I have to confess, I don’t really understand why the Supreme Court justices are so tweaked about the leak of a draft ruling on Roe v. Wade.

Let’s leave abortion out of this for a moment. Let’s make it about abolishing some obscure turn of law adopted as a precedent in the early 1800’s requiring porcelain garden gnomes to be placed front of government buildings. (I just made that up, by the way.)

Someone — someone — then leaks a draft of the Supreme Court opinion that abolishes the Garden Gnome Precedent.

RAGE! The Sanctity of the Court has been compromised! No one in the Court can be trusted! Who leaked this document? Search out the vile miscreant! SOMEONE NEEDS TO PAY! We can only hope and pray that The People will not lose ALL TRUST in the Court because of this! ARRRGGGHHHHH!

Seriously?

When people start to distrust the courts, it is (and has always been, and will always be, in all times and all places, forever and ever) the result of the Court repeatedly handing down shit decisions.

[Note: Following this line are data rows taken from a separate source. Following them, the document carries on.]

(* Let $h>0$ and let $B\subset\mathbb Z^8_h$ be bounded. Then for every function $f:\overline B\to\mathbb O$ and every $y\in\mathbb Z^8_h$, $$\chi_B(y)f(y)=\int_{\partial B}K^h(x,y)*f(x)\,dS(x)+\int_BE^h(y-x)\,(D^hf)(x)\,dV^h(x).$$
   Context: $\mathbb O$ is the real octonion algebra with basis $\mathbf e_0=1,\mathbf e_1,\dots,\mathbf e_7$, where $\mathbf e_i\mathbf e_j=-\delta_{ij}+\sum_k\varepsilon_{ijk}\mathbf e_k$ for $1\le i,j\le 7$, $\varepsilon_{ijk}$ totally antisymmetric with $\varepsilon_{ijk}=1$ for $ijk\in\{123,145,176,246,257,347,365\}$; $\overline{\mathbf e}_0=\mathbf e_0$, $\overline{\mathbf e}_l=-\mathbf e_l$ ($l\ge1$). For $h>0$, $\mathbb Z^8_h=(h\mathbb Z)^8$, $e_0,\dots,e_7$ are the standard unit vectors of $\mathbb R^8$, $\chi_A$ is the indicator of $A$. Difference operators: $\partial_l^{+,h}f(x)=(f(x+he_l)-f(x))/h$, $\partial_l^{-,h}f(x)=(f(x)-f(x-he_l))/h$, $\partial_l^h=\frac12(\partial_l^{+,h}+\partial_l^{-,h})$, $D^hf=\sum_{l=0}^7\mathbf e_l\partial_l^hf$. $N(x)=\{x,x\pm he_0,\dots,x\pm he_7\}$; $\partial B=\{x:\ N(x)\cap B\neq\emptyset,\ N(x)\cap(\mathbb Z^8_h\setminus B)\neq\emptyset\}$, $\overline B=B\cup\partial B$. $\int_Ag\,dV^h=\sum_{x\in A}g(x)h^8$. For $x\in\partial B$: $\Sigma(x)=\sum_l[(\partial_l^{+,h}\chi_B(x))^2+(\partial_l^{-,h}\chi_B(x))^2]$, $s(x)=\frac{h^8}{2}\sqrt{\Sigma(x)}$, $n_l^\pm(x)=-2\partial_l^{\pm,h}\chi_B(x)/\sqrt{\Sigma(x)}$, and $\int_{\partial B}g\,dS=\sum_{x\in\partial B}g(x)s(x)$. Fundamental solution: $E^1(x)=\frac{1}{(2\pi)^8}\int_{[-\pi,\pi]^8}\frac{\sum_l\overline{\mathbf e}_l\sin u_l}{\sum_l\sin^2u_l}\sin(\sum_lu_lx_l)\,du$ for $x\in\mathbb Z^8$, and $E^h(x)=h^{-7}E^1(x/h)$ for $x\in\mathbb Z^8_h$. Star product with the boundary kernel: for $x\in\partial B$, $y\in\mathbb Z^8_h$ and $g:\partial B\to\mathbb O$, $$K^h(x,y)*g(x)=-\frac12\sum_{l=0}^7\Big(E^h(he_l-x+y)\,n_l^-(x)+E^h(-he_l-x+y)\,n_l^+(x)\Big)\big(\mathbf e_l\,g(x)\big).$$ *)

theory Defs
  imports "HOL-Analysis.Analysis"
begin
lemma binom_fdiff_inverse_harm_rec:
  assumes a: "1 \<le> a" and aM: "a < M"
  defines "\<phi> \<equiv> \<lambda>j. 1 / harm j"
  shows "harm a * binom_fdiff \<phi> M a = (\<Sum>b=a+1..M. binom_fdiff \<phi> M b / real (b - a))"
proof -
  define w where "w c = real (M choose c) * real (c choose a) * (-1)^(c - a)" for c
  have "harm a * binom_fdiff \<phi> M a = (\<Sum>c=a..M. w c * (harm a * \<phi> c))"
    unfolding binom_fdiff_eq_sum[OF less_imp_le[OF aM]] w_def sum_distrib_left by (simp add: algebra_simps)
  also have "\<dots> = (\<Sum>c=a..M. w c) - (\<Sum>c=a..M. w c * (harm c - harm a) * \<phi> c)"
    unfolding sum_subtractf[symmetric]
  proof (intro sum.cong refl)
    fix c assume "c \<in> {a..M}"
    then have "harm c \<noteq> (0::real)"
      using a by (intro harm_neq_0) simp
    then show "w c * (harm a * \<phi> c) = w c - w c * (harm c - harm a) * \<phi> c"
      by (simp add: \<phi>_def field_simps)
  qed
  also have "(\<Sum>c=a..M. w c) = 0"
    unfolding w_def by (rule sum_choose_choose_alternating[OF aM])
  finally show ?thesis
    unfolding sum_binom_fdiff_div[OF aM] w_def by simp
qed

section \<open>The renewal kernel\<close>

text \<open>\<open>renewal n m\<close> sums, over all chains \<open>m = i\<^sub>0 < i\<^sub>1 < \<dots> < i\<^sub>r = n\<close>, the products of the
  step weights \<open>1 / (harm (i\<^sub>t - 1) * (i\<^sub>t - i\<^sub>t\<^sub>-\<^sub>1))\<close>; the definition splits off the last step.\<close>

function renewal :: "nat \<Rightarrow> nat \<Rightarrow> real" where
  "renewal n m = (if n < m then 0 else if n = m then 1
     else (\<Sum>i\<in>{m..<n}. renewal i m / (harm (n - 1) * real (n - i))))"
  by pat_completeness auto
termination by (relation "Wellfounded.measure fst") auto

declare renewal.simps [simp del]

lemma renewal_less: "n < m \<Longrightarrow> renewal n m = 0"
  by (simp add: renewal.simps)

lemma renewal_same [simp]: "renewal n n = 1"
  by (simp add: renewal.simps)

lemma renewal_last_step:
  "m < n \<Longrightarrow> renewal n m = (\<Sum>i\<in>{m..<n}. renewal i m / (harm (n - 1) * real (n - i)))"
  by (subst renewal.simps) simp

lemma renewal_first_step:
  "m < n \<Longrightarrow> renewal n m = (\<Sum>j=m+1..n. renewal n j / (harm (j - 1) * real (j - m)))"
proof (induction n arbitrary: m rule: less_induct)
  case (less n)
  define p where "p i = 1 / (harm (n - 1) * real (n - i))" for i
  define q where "q j = 1 / (harm (j - 1) * real (j - m))" for j
  have "renewal n m = (\<Sum>i\<in>{m..<n}. renewal i m * p i)"
    unfolding renewal_last_step[OF less.prems] p_def by (simp add: divide_inverse)
  also have "{m..<n} = insert m {m+1..n-1}"
    using less.prems by auto
  also have "(\<Sum>i\<in>insert m {m+1..n-1}. renewal i m * p i) = p m + (\<Sum>i=m+1..n-1. renewal i m * p i)"
    by simp
  also have "(\<Sum>i=m+1..n-1. renewal i m * p i) = (\<Sum>i=m+1..n-1. \<Sum>j=m+1..i. renewal i j * q j * p i)"
  proof (intro sum.cong refl)
    fix i assume "i \<in> {m+1..n-1}"
    then have "i < n" "m < i" by auto
    from less.IH[OF this] show "renewal i m * p i = (\<Sum>j=m+1..i. renewal i j * q j * p i)"
      by (simp add: q_def sum_distrib_right divide_inverse)
  qed
  also have "\<dots> = (\<Sum>j=m+1..n-1. \<Sum>i=j..n-1. renewal i j * q j * p i)"
    by (rule sum_triangle_swap[symmetric])
  also have "\<dots> = (\<Sum>j=m+1..n-1. renewal n j * q j)"
  proof (intro sum.cong refl)
    fix j assume "j \<in> {m+1..n-1}"
    then have "j < n" by auto
    then have "renewal n j = (\<Sum>i=j..n-1. renewal i j * p i)"
      unfolding renewal_last_step[OF \<open>j < n\<close>] p_def
      by (intro sum.cong) (auto simp: divide_inverse)
    moreover have "(\<Sum>i=j..n-1. renewal i j * q j * p i) = (\<Sum>i=j..n-1. renewal i j * p i) * q j"
      unfolding sum_distrib_right by (simp add: mult_ac)
    ultimately show "(\<Sum>i=j..n-1. renewal i j * q j * p i) = renewal n j * q j"
      by simp
  qed
  also have "p m + (\<Sum>j=m+1..n-1. renewal n j * q j) = (\<Sum>j\<in>insert n {m+1..n-1}. renewal n j * q j)"
    using less.prems by (simp add: p_def q_def)
  also have "insert n {m+1..n-1} = {m+1..n}"
    using less.prems by auto
  finally show ?case
    by (simp add: q_def divide_inverse)
qed
(* Let $V\subseteq\mathcal V$ be finite, $\mathbb E\in\mathit{NProg}(V)$, $W\subseteq\mathcal V$ finite and $P,Q$ projectors on $\mathcal H_W$. Then $wp^a.\mathbb E.Q=\bigwedge_{\mathcal E\in\mathbb E}E(\mathcal E^\dagger(Q))$, $wlp^a.\mathbb E.Q=\bigwedge_{\mathcal E\in\mathbb E}\mathcal N(\mathcal E^\dagger(Q^\perp))$, and $sp^a.\mathbb E.P=\bigvee_{\mathcal E\in\mathbb E}\lceil\mathcal E(P)\rceil$.
   Context: $\mathcal V$ is a countably infinite set of qubit variables; $\mathcal H_V=\bigotimes_{q\in V}\mathcal H_q$. $\mathcal D(\mathcal H)$: partial density operators; projectors are identified with their image subspaces, ordered by inclusion $\sqsubseteq$; $\wedge$ intersection, $\vee$ span of union; $Q^\perp=I-Q$. $\mathit{DProg}(V)$: completely positive trace-nonincreasing super-operators on $\mathcal L(\mathcal H_V)$, $\mathcal E^\dagger$ the adjoint; $\mathit{NProg}(V)$: nonempty convex closed subsets of $\mathit{DProg}(V)$. Convention: operators/super-operators are implicitly extended to $\mathcal H_{V\cup W}$ (and larger systems) by tensoring with identities; projectors are regarded on $\mathcal H_{V\cup W}$. $E(A)=\{|\psi\rangle:A|\psi\rangle=|\psi\rangle\}$; $\mathcal N(B)=\{|\psi\rangle:\langle\psi|B|\psi\rangle=0\}$; $\lceil\rho\rceil$ is the support of a positive operator. For projectors $P,Q$: $\mathbb E\models_{tot}(\{P\},\{Q\})$ iff for all finite $X\supseteq V\cup W$ and $\rho\in\mathcal D(\mathcal H_X)$, ${\rm tr}(P\rho)\le\inf_{\mathcal E\in\mathbb E}{\rm tr}(Q\mathcal E(\rho))$; $\mathbb E\models_{par}(\{P\},\{Q\})$ iff for all such $X,\rho$, ${\rm tr}(P\rho)\le\inf_{\mathcal E\in\mathbb E}[{\rm tr}(Q\mathcal E(\rho))+{\rm tr}(\rho)-{\rm tr}(\mathcal E(\rho))]$. $wp^a.\mathbb E.Q$ is the largest projector $P$ with $\mathbb E\models_{tot}(\{P\},\{Q\})$; $wlp^a.\mathbb E.Q$ the largest projector $P$ with $\mathbb E\models_{par}(\{P\},\{Q\})$; $sp^a.\mathbb E.P$ the smallest projector $R$ with $\mathbb E\models_{par}(\{P\},\{R\})$. *)

theory Defs
  imports Complex_Main
begin
lemma tendsto_integral_max_neg:
  fixes g :: "'a \<Rightarrow> real"
  assumes g: "integrable M g"
  shows "(\<lambda>c::nat. \<integral>\<omega>. max (g \<omega>) (- real c) \<partial>M) \<longlonglongrightarrow> (\<integral>\<omega>. g \<omega> \<partial>M)"
proof (rule integral_dominated_convergence[where w = "\<lambda>\<omega>. \<bar>g \<omega>\<bar>"])
  show "AE \<omega> in M. (\<lambda>c. max (g \<omega>) (- real c)) \<longlonglongrightarrow> g \<omega>"
  proof (rule AE_I2)
    fix \<omega>
    obtain N :: nat where "- g \<omega> \<le> real N" using real_arch_simple by blast
    then have "\<forall>\<^sub>F c in sequentially. max (g \<omega>) (- real c) = g \<omega>"
      by (auto intro!: eventually_sequentiallyI[of N])
    then show "(\<lambda>c. max (g \<omega>) (- real c)) \<longlonglongrightarrow> g \<omega>" by (rule tendsto_eventually)
  qed
qed (use g in \<open>auto intro: integrable_abs\<close>)

lemma st_le_vec_nn_imp_st_le_vec:
  assumes "prob_space A" "prob_space B" and le: "st_le_vec_nn n A V B W"
  shows "st_le_vec n A V B W"
  unfolding st_le_vec_def
proof (intro allI impI)
  interpret A: prob_space A by fact
  interpret B: prob_space B by fact
  fix \<phi> :: "(nat \<Rightarrow> real) \<Rightarrow> real"
  assume \<phi>: "\<phi> \<in> borel_measurable (Pi_borel n)"
    and mono: "\<forall>x\<in>space (Pi_borel n). \<forall>y\<in>space (Pi_borel n). (\<forall>i\<in>{1..n}. x i \<le> y i) \<longrightarrow> \<phi> x \<le> \<phi> y"
    and iA: "integrable A (\<lambda>\<omega>. \<phi> (vec n V \<omega>))" and iB: "integrable B (\<lambda>\<omega>. \<phi> (vec n W \<omega>))"
  have "(\<integral>\<omega>. max (\<phi> (vec n V \<omega>)) (- real c) \<partial>A) \<le> (\<integral>\<omega>. max (\<phi> (vec n W \<omega>)) (- real c) \<partial>B)"
    for c :: nat
  proof -
    \<comment> \<open>shifted up by \<open>c\<close>, the truncation of \<open>\<phi>\<close> is a nonnegative monotone function\<close>
    define f where "f x = max (\<phi> x) (- real c) + real c" for x
    have "(\<integral>\<^sup>+\<omega>. ennreal (f (vec n V \<omega>)) \<partial>A) \<le> (\<integral>\<^sup>+\<omega>. ennreal (f (vec n W \<omega>)) \<partial>B)"
      using mono \<phi> by (intro st_le_vec_nnD[OF le]) (fastforce simp: coord_mono_def f_def le_max_iff_disj)+
    moreover have "integrable A (\<lambda>\<omega>. f (vec n V \<omega>))" "integrable B (\<lambda>\<omega>. f (vec n W \<omega>))"
      using iA iB unfolding f_def by (auto intro: integrable_max)
    ultimately have "(\<integral>\<omega>. f (vec n V \<omega>) \<partial>A) \<le> (\<integral>\<omega>. f (vec n W \<omega>) \<partial>B)"
      by (simp add: nn_integral_eq_integral f_def integral_nonneg)
    then show ?thesis
      using iA iB unfolding f_def by (simp add: integrable_max A.prob_space B.prob_space)
  qed
  then show "(\<integral>\<omega>. \<phi> (vec n V \<omega>) \<partial>A) \<le> (\<integral>\<omega>. \<phi> (vec n W \<omega>) \<partial>B)"
    by (intro LIMSEQ_le[OF tendsto_integral_max_neg[OF iA] tendsto_integral_max_neg[OF iB]]) auto
qed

The real issue here appears to be that the Court was “outed” over a shit decision in-the-making before they had the chance to pass it off as settled law. In this regard, it is a bit like the failed coup of January 6, 2020. When you attempt to overthrow the government, the goal is to get it over with before anyone catches on. Otherwise, it turns into “for want of a nail,” and all that.

When you intend to hand down a shit decision from the Supreme Court, it’s useful to keep it secret until it’s a done deal.

All this outrage from Alito and Thomas in itself seems to me a plausible reason to distrust the Court. Something is distinctly off. Like opening the door to your son’s room to tell him dinner is ready, and when a cloud smelling of skunk and mint wafts out, he launches into a screaming rage about “privacy.”

It isn’t about privacy.

In other words, I think all this rage and pouting is really about the fact that the very justices who wrote the draft already know it’s a shit ruling. It would not matter if it were about abortion, or porcelain garden gnomes. The court understands perfectly well that it is trying to wrap the law around something indefensible, and now that it’s out in the open, they are going to have to face the wrath and distrust of The People before they’ve managed to make it a done deal.

So let’s talk a little about the history of both the nation and the Court.

There have been two fundamentally different models of (white) government in the US since the Europeans arrived.

The first — the earliest — consisted of entirely autonomous colonies (subject to European rule, but like mobsters, if you keep them paid, they leave you alone), which gradually expanded, consolidated, and became the original thirteen states of the US. The Articles of Confederation, adopted in 1777, bound these thirteen states together as a Confederation. In 1789, the Articles of Confederation were replaced by the US Constitution.

The core problem with the original Confederation, and with the United States up until the mid 1850’s, was that the states really didn’t get along very well.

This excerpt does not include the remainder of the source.